**Exercise goal:** Output each line of the material exactly as it stands.

**Input for this task:**
(* For homogeneous $v_1,\dots,v_n\in V$, writing $Z=Z_V^{(g)}(v_1,y_1;\dots;v_n,y_n)$, \begin{enumerate} \item $\big(\mathcal L_{-1}-\sum_{k=1}^n\partial_{y_k}\big)Z=0$; \item $\big(\mathcal L_0-\sum_{k=1}^ny_k\partial_{y_k}-\sum_{k=1}^n\mathrm{wt}(v_k)\big)Z=0$; \item $\big(\mathcal L_1-\sum_{k=1}^ny_k^2\partial_{y_k}-\sum_{k=1}^n2y_k\,\mathrm{wt}(v_k)\big)Z=\sum_{k=1}^nZ_V^{(g)}(v_1,y_1;\dots;L(1)v_k,y_k;\dots;v_n,y_n)$, \end{enumerate} where $\mathcal L_{-1}=-\sum_{a\in\mathcal I}\partial_{w_a}$, $\mathcal L_0=-\sum_{a\in\mathcal I}w_a\partial_{w_a}-2\sum_{a\in\mathcal I_+}\rho_a\partial_{\rho_a}$, $\mathcal L_1=-\sum_{a\in\mathcal I}(w_a^2+\rho_{|a|})\partial_{w_a}-2\sum_{a\in\mathcal I_+}(w_a+w_{-a})\rho_a\partial_{\rho_a}$.
   Context: $V=\bigoplus_{n\ge0}V_n$ is a simple, self-dual vertex operator algebra of strong CFT type ($V_0=\mathbb C\mathbb1$, $L(1)V_1=0$) with Virasoro modes $L(n)$ and $\mathrm{wt}(v)=n$ for $v\in V_n$. $\langle\cdot,\cdot\rangle_1$ is the unique invariant bilinear form with $\langle\mathbb1,\mathbb1\rangle_1=1$. Genus zero $n$-point function: $Z^{(0)}(v_1,y_1;\dots;v_n,y_n)=\langle\mathbb1,Y(v_1,y_1)\cdots Y(v_n,y_n)\mathbb1\rangle_1$. Let $g\ge1$, $\mathcal I=\{\pm1,\dots,\pm g\}$, $\mathcal I_+=\{1,\dots,g\}$, formal variables $w_a$ ($a\in\mathcal I$), $\rho_a$ ($a\in\mathcal I_+$). For each $a\in\mathcal I_+$ let $b_a$ run over a homogeneous basis of $V$, $\bar b_a$ the dual basis for $\langle\cdot,\cdot\rangle_1$, and $b_{-a}=\rho_a^{\mathrm{wt}(b_a)}\bar b_a$. The genus $g$ formal $n$-point function is $Z_V^{(g)}(v_1,y_1;\dots;v_n,y_n)=\sum_{b_1,\dots,b_g}Z^{(0)}(v_1,y_1;\dots;v_n,y_n;b_{-1},w_{-1};b_1,w_1;\dots;b_{-g},w_{-g};b_g,w_g)$ (formal power series in the $\rho_a$). *)

theory Defs
  imports Complex_Main
begin

text \<open>
A vertex operator algebra is given by a complex vector space 'v (scalar multiplication
scale), the modes  Y u m x = u(m) x  (so Y(u,z) = sum over m of u(m) z^(-m-1)),
the vacuum vac, the conformal vector om and the central charge c.
\<close>

definition Lv :: "('v \<Rightarrow> int \<Rightarrow> 'v \<Rightarrow> 'v) \<Rightarrow> 'v \<Rightarrow> int \<Rightarrow> 'v \<Rightarrow> 'v" where
  "Lv Y om n = Y om (n + 1)"

definition Vgr :: "(complex \<Rightarrow> 'v \<Rightarrow> 'v) \<Rightarrow> ('v \<Rightarrow> int \<Rightarrow> 'v \<Rightarrow> 'v) \<Rightarrow> 'v \<Rightarrow> nat \<Rightarrow> 'v set" where
  "Vgr scale Y om n = {x. Lv Y om 0 x = scale (of_nat n) x}"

**Worked solution:**
(* For homogeneous $v_1,\dots,v_n\in V$, writing $Z=Z_V^{(g)}(v_1,y_1;\dots;v_n,y_n)$, \begin{enumerate} \item $\big(\mathcal L_{-1}-\sum_{k=1}^n\partial_{y_k}\big)Z=0$; \item $\big(\mathcal L_0-\sum_{k=1}^ny_k\partial_{y_k}-\sum_{k=1}^n\mathrm{wt}(v_k)\big)Z=0$; \item $\big(\mathcal L_1-\sum_{k=1}^ny_k^2\partial_{y_k}-\sum_{k=1}^n2y_k\,\mathrm{wt}(v_k)\big)Z=\sum_{k=1}^nZ_V^{(g)}(v_1,y_1;\dots;L(1)v_k,y_k;\dots;v_n,y_n)$, \end{enumerate} where $\mathcal L_{-1}=-\sum_{a\in\mathcal I}\partial_{w_a}$, $\mathcal L_0=-\sum_{a\in\mathcal I}w_a\partial_{w_a}-2\sum_{a\in\mathcal I_+}\rho_a\partial_{\rho_a}$, $\mathcal L_1=-\sum_{a\in\mathcal I}(w_a^2+\rho_{|a|})\partial_{w_a}-2\sum_{a\in\mathcal I_+}(w_a+w_{-a})\rho_a\partial_{\rho_a}$.
   Context: $V=\bigoplus_{n\ge0}V_n$ is a simple, self-dual vertex operator algebra of strong CFT type ($V_0=\mathbb C\mathbb1$, $L(1)V_1=0$) with Virasoro modes $L(n)$ and $\mathrm{wt}(v)=n$ for $v\in V_n$. $\langle\cdot,\cdot\rangle_1$ is the unique invariant bilinear form with $\langle\mathbb1,\mathbb1\rangle_1=1$. Genus zero $n$-point function: $Z^{(0)}(v_1,y_1;\dots;v_n,y_n)=\langle\mathbb1,Y(v_1,y_1)\cdots Y(v_n,y_n)\mathbb1\rangle_1$. Let $g\ge1$, $\mathcal I=\{\pm1,\dots,\pm g\}$, $\mathcal I_+=\{1,\dots,g\}$, formal variables $w_a$ ($a\in\mathcal I$), $\rho_a$ ($a\in\mathcal I_+$). For each $a\in\mathcal I_+$ let $b_a$ run over a homogeneous basis of $V$, $\bar b_a$ the dual basis for $\langle\cdot,\cdot\rangle_1$, and $b_{-a}=\rho_a^{\mathrm{wt}(b_a)}\bar b_a$. The genus $g$ formal $n$-point function is $Z_V^{(g)}(v_1,y_1;\dots;v_n,y_n)=\sum_{b_1,\dots,b_g}Z^{(0)}(v_1,y_1;\dots;v_n,y_n;b_{-1},w_{-1};b_1,w_1;\dots;b_{-g},w_{-g};b_g,w_g)$ (formal power series in the $\rho_a$). *)

theory Defs
  imports Complex_Main
begin

text \<open>
A vertex operator algebra is given by a complex vector space 'v (scalar multiplication
scale), the modes  Y u m x = u(m) x  (so Y(u,z) = sum over m of u(m) z^(-m-1)),
the vacuum vac, the conformal vector om and the central charge c.
\<close>

definition Lv :: "('v \<Rightarrow> int \<Rightarrow> 'v \<Rightarrow> 'v) \<Rightarrow> 'v \<Rightarrow> int \<Rightarrow> 'v \<Rightarrow> 'v" where
  "Lv Y om n = Y om (n + 1)"

definition Vgr :: "(complex \<Rightarrow> 'v \<Rightarrow> 'v) \<Rightarrow> ('v \<Rightarrow> int \<Rightarrow> 'v \<Rightarrow> 'v) \<Rightarrow> 'v \<Rightarrow> nat \<Rightarrow> 'v set" where
  "Vgr scale Y om n = {x. Lv Y om 0 x = scale (of_nat n) x}"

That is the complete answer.